(Assignment): Copy out again, unchanged, the line that contains "by (simp add: mult.commute)" and every line after it down to the last line of the data.
··· Records for processing
(* Let $p\ge2$ and, for $\tau=1,\dots,p$, let $\hat f_\tau:\mathbb{R}^n\to\mathbb{R}$ be $\mu$-strongly convex and $\hat c_\tau:\mathbb{R}^n\times\mathbb{R}^n\times\mathbb{R}^r\to\mathbb{R}$ be convex and $\ell$-strongly smooth, all twice continuously differentiable. For an initial state $\hat x_0\in\mathbb{R}^n$, disturbances $\hat w=(\hat w_0,\dots,\hat w_{p-1})$ with $\hat w_\tau\in\mathbb{R}^r$, and a terminal state $\hat x_p\in\mathbb{R}^n$, let \[\hat\psi(\hat x_0,\hat w,\hat x_p) := \arg\min_{\hat x_{1:p-1}}\sum_{\tau=1}^{p-1}\hat f_\tau(\hat x_\tau) + \sum_{\tau=1}^p\hat c_\tau(\hat x_\tau,\hat x_{\tau-1},\hat w_{\tau-1}),\] indexed by $1,\dots,p-1$. Then for any two tuples $(\hat x_0,\hat w,\hat x_p)$ and $(\hat x_0',\hat w',\hat x_p')$ and all $1\le h\le p-1$, \[\|\hat\psi(\hat x_0,\hat w,\hat x_p)_h - \hat\psi(\hat x_0',\hat w',\hat x_p')_h\| \le C_0\left(\lambda_0^{h-1}\|\hat x_0-\hat x_0'\| + \sum_{\tau=0}^{p-1}\lambda_0^{|h-\tau|-1}\|\hat w_\tau-\hat w_\tau'\| + \lambda_0^{p-h-1}\|\hat x_p-\hat x_p'\|\right),\] where $C_0 = 2\ell/\mu$ and $\lambda_0 = 1 - 2\left(\sqrt{1+2\ell/\mu}+1\right)^{-1}$.
   Context: Norms are Euclidean. A function $g$ is $\ell$-strongly smooth if $g(y)\le g(x)+\langle\nabla g(x),y-x\rangle+\frac\ell2\|y-x\|^2$ for all $x,y$, and $m$-strongly convex if $g(y)\ge g(x)+\langle\nabla g(x),y-x\rangle+\frac m2\|y-x\|^2$ for all $x,y$. *)

theory Defs
  imports "HOL-Analysis.Analysis"
begin

text \<open>Gradient-based notions for real-valued functions on a Euclidean space
  (norms/inner products are Euclidean; on product types the inner product is the
  sum of the component inner products, i.e. the Euclidean one on the concatenation).\<close>

definition has_gradient_everywhere :: "('a::euclidean_space \<Rightarrow> real) \<Rightarrow> ('a \<Rightarrow> 'a) \<Rightarrow> bool" where
  "has_gradient_everywhere g G \<longleftrightarrow> (\<forall>x. (g has_derivative (\<lambda>h. G x \<bullet> h)) (at x))"

definition strongly_convex :: "real \<Rightarrow> ('a::euclidean_space \<Rightarrow> real) \<Rightarrow> bool" where
  "strongly_convex m g \<longleftrightarrow> (\<exists>G. has_gradient_everywhere g G \<and>
     (\<forall>x y. g y \<ge> g x + G x \<bullet> (y - x) + m / 2 * (norm (y - x))\<^sup>2))"

definition strongly_smooth :: "real \<Rightarrow> ('a::euclidean_space \<Rightarrow> real) \<Rightarrow> bool" where
  "strongly_smooth l g \<longleftrightarrow> (\<exists>G. has_gradient_everywhere g G \<and>
     (\<forall>x y. g y \<le> g x + G x \<bullet> (y - x) + l / 2 * (norm (y - x))\<^sup>2))"

definition C2 :: "('a::euclidean_space \<Rightarrow> real) \<Rightarrow> bool" where
  "C2 g \<longleftrightarrow> (\<exists>G H. has_gradient_everywhere g G \<and>
     (\<forall>x. (G has_derivative blinfun_apply (H x)) (at x)) \<and> continuous_on UNIV H)"

definition traj :: "nat \<Rightarrow> 'a \<Rightarrow> 'a \<Rightarrow> (nat \<Rightarrow> 'a) \<Rightarrow> nat \<Rightarrow> 'a" where
  "traj p x0 xp xs \<tau> = (if \<tau> = 0 then x0 else if \<tau> = p then xp else xs \<tau>)"

definition objective ::
  "(nat \<Rightarrow> 'a \<Rightarrow> real) \<Rightarrow> (nat \<Rightarrow> 'a \<times> 'a \<times> 'b \<Rightarrow> real) \<Rightarrow> nat
    \<Rightarrow> 'a \<Rightarrow> (nat \<Rightarrow> 'b) \<Rightarrow> 'a \<Rightarrow> (nat \<Rightarrow> 'a) \<Rightarrow> real" where
  "objective f c p x0 w xp xs =
     (\<Sum>\<tau>=1..p-1. f \<tau> (traj p x0 xp xs \<tau>)) +
     (\<Sum>\<tau>=1..p. c \<tau> (traj p x0 xp xs \<tau>, traj p x0 xp xs (\<tau>-1), w (\<tau>-1)))"

text \<open>The arg-min over the intermediate states x_1..x_{p-1} (only those entries matter;
  the minimiser is unique under the hypotheses of the theorem).\<close>
definition psi ::
  "(nat \<Rightarrow> 'a \<Rightarrow> real) \<Rightarrow> (nat \<Rightarrow> 'a \<times> 'a \<times> 'b \<Rightarrow> real) \<Rightarrow> nat
    \<Rightarrow> 'a \<Rightarrow> (nat \<Rightarrow> 'b) \<Rightarrow> 'a \<Rightarrow> nat \<Rightarrow> 'a" where
  "psi f c p x0 w xp = (SOME xs. \<forall>ys. objective f c p x0 w xp xs \<le> objective f c p x0 w xp ys)"

end

theory Submission
  imports Defs
begin

text \<open>Both minimisers satisfy the stationarity conditions, a chain of equations in which the gradient
  of \<open>c\<^sub>\<tau>\<close> couples the neighbouring states \<open>x\<^sub>\<tau>\<^sub>-\<^sub>1\<close> and \<open>x\<^sub>\<tau>\<close>. Changing \<open>x\<^sub>0\<close>, one \<open>w\<^sub>\<tau>\<close> or
  \<open>x\<^sub>p\<close> perturbs a single edge \<open>s\<close> of this chain. Test the differenced equations against the
  weighted differences \<open>\<rho>\<^sub>t (x\<^sub>t - x'\<^sub>t)\<close>, where the weights \<open>\<rho>\<^sub>t\<close> are powers of \<open>\<lambda>\<^sup>2\<close> decreasing
  geometrically from \<open>1\<close> at \<open>h\<close> to \<open>\<lambda>\<^sup>2\<^sup>d\<close> at edge \<open>s\<close>, \<open>d\<close> being the distance between the two,
  and constant beyond. Strong monotonicity of \<open>\<nabla>f\<^sub>t\<close> yields
  \<open>\<mu> \<rho>\<^sub>t |x\<^sub>t - x'\<^sub>t|\<^sup>2\<close> at every state. By \<open>1/l\<close>-cocoercivity of \<open>\<nabla>c\<^sub>\<tau>\<close>, an edge with constant weight
  contributes a nonnegative term, an edge where the weight jumps by \<open>\<lambda>\<^sup>2\<close> costs at most \<open>\<mu>/2\<close> at each end
  (this is the choice of \<open>\<lambda>\<close>), and the perturbed edge costs at most \<open>l |\<delta>|\<close> times the local
  difference. Hence \<open>|x\<^sub>h - x'\<^sub>h| \<le> (2l/\<mu>) \<lambda>\<^sup>d |\<delta>|\<close>, and the theorem follows by changing the data
  one edge at a time.\<close>

lemma convex_on_ge_gradient:
  fixes g :: "'a::euclidean_space \<Rightarrow> real"
  assumes cv: "convex_on UNIV g" and d: "(g has_derivative (\<lambda>h. G \<bullet> h)) (at x)"
  shows "g y \<ge> g x + G \<bullet> (y - x)"
proof -
  define \<phi> where "\<phi> t = g (x + t *\<^sub>R (y - x))" for t :: real
  have "convex_on UNIV \<phi>"
  proof (rule convex_onI)
    fix t a b :: real assume t: "0 < t" "t < 1"
    have "x + ((1 - t) * a + t * b) *\<^sub>R (y - x) = (1 - t) *\<^sub>R (x + a *\<^sub>R (y - x)) + t *\<^sub>R (x + b *\<^sub>R (y - x))"
      by (simp add: algebra_simps)
    then show "\<phi> ((1 - t) *\<^sub>R a + t *\<^sub>R b) \<le> (1 - t) * \<phi> a + t * \<phi> b"
      unfolding \<phi>_def using convex_onD[OF cv, of t "x + a *\<^sub>R (y - x)" "x + b *\<^sub>R (y - x)"] t
      by simp
  qed simp
  moreover have "(\<phi> has_field_derivative (G \<bullet> (y - x))) (at 0)"
  proof -
    have "((\<lambda>t::real. x + t *\<^sub>R (y - x)) has_derivative (\<lambda>t. t *\<^sub>R (y - x))) (at 0)"
      by (auto intro!: derivative_eq_intros)
    moreover have "(g has_derivative (\<lambda>h. G \<bullet> h)) (at (x + 0 *\<^sub>R (y - x)))"
      using d by simp
    ultimately have "(\<phi> has_derivative (\<lambda>t. G \<bullet> (t *\<^sub>R (y - x)))) (at 0)"
      unfolding \<phi>_def by (rule has_derivative_compose)
    then have "(\<phi> has_derivative (\<lambda>t. (G \<bullet> (y - x)) * t)) (at 0)"
      by (simp add: mult.commute)
    then show ?thesis by (simp add: has_field_derivative_def)
  qed
  ultimately have "\<phi> 1 - \<phi> 0 \<ge> G \<bullet> (y - x)"
    using convex_on_imp_above_tangent[of UNIV \<phi> 0 1] by simp
  then show ?thesis by (simp add: \<phi>_def)
qed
······
(Result):
      by (simp add: mult.commute)
    then show ?thesis by (simp add: has_field_derivative_def)
  qed
  ultimately have "\<phi> 1 - \<phi> 0 \<ge> G \<bullet> (y - x)"
    using convex_on_imp_above_tangent[of UNIV \<phi> 0 1] by simp
  then show ?thesis by (simp add: \<phi>_def)
qed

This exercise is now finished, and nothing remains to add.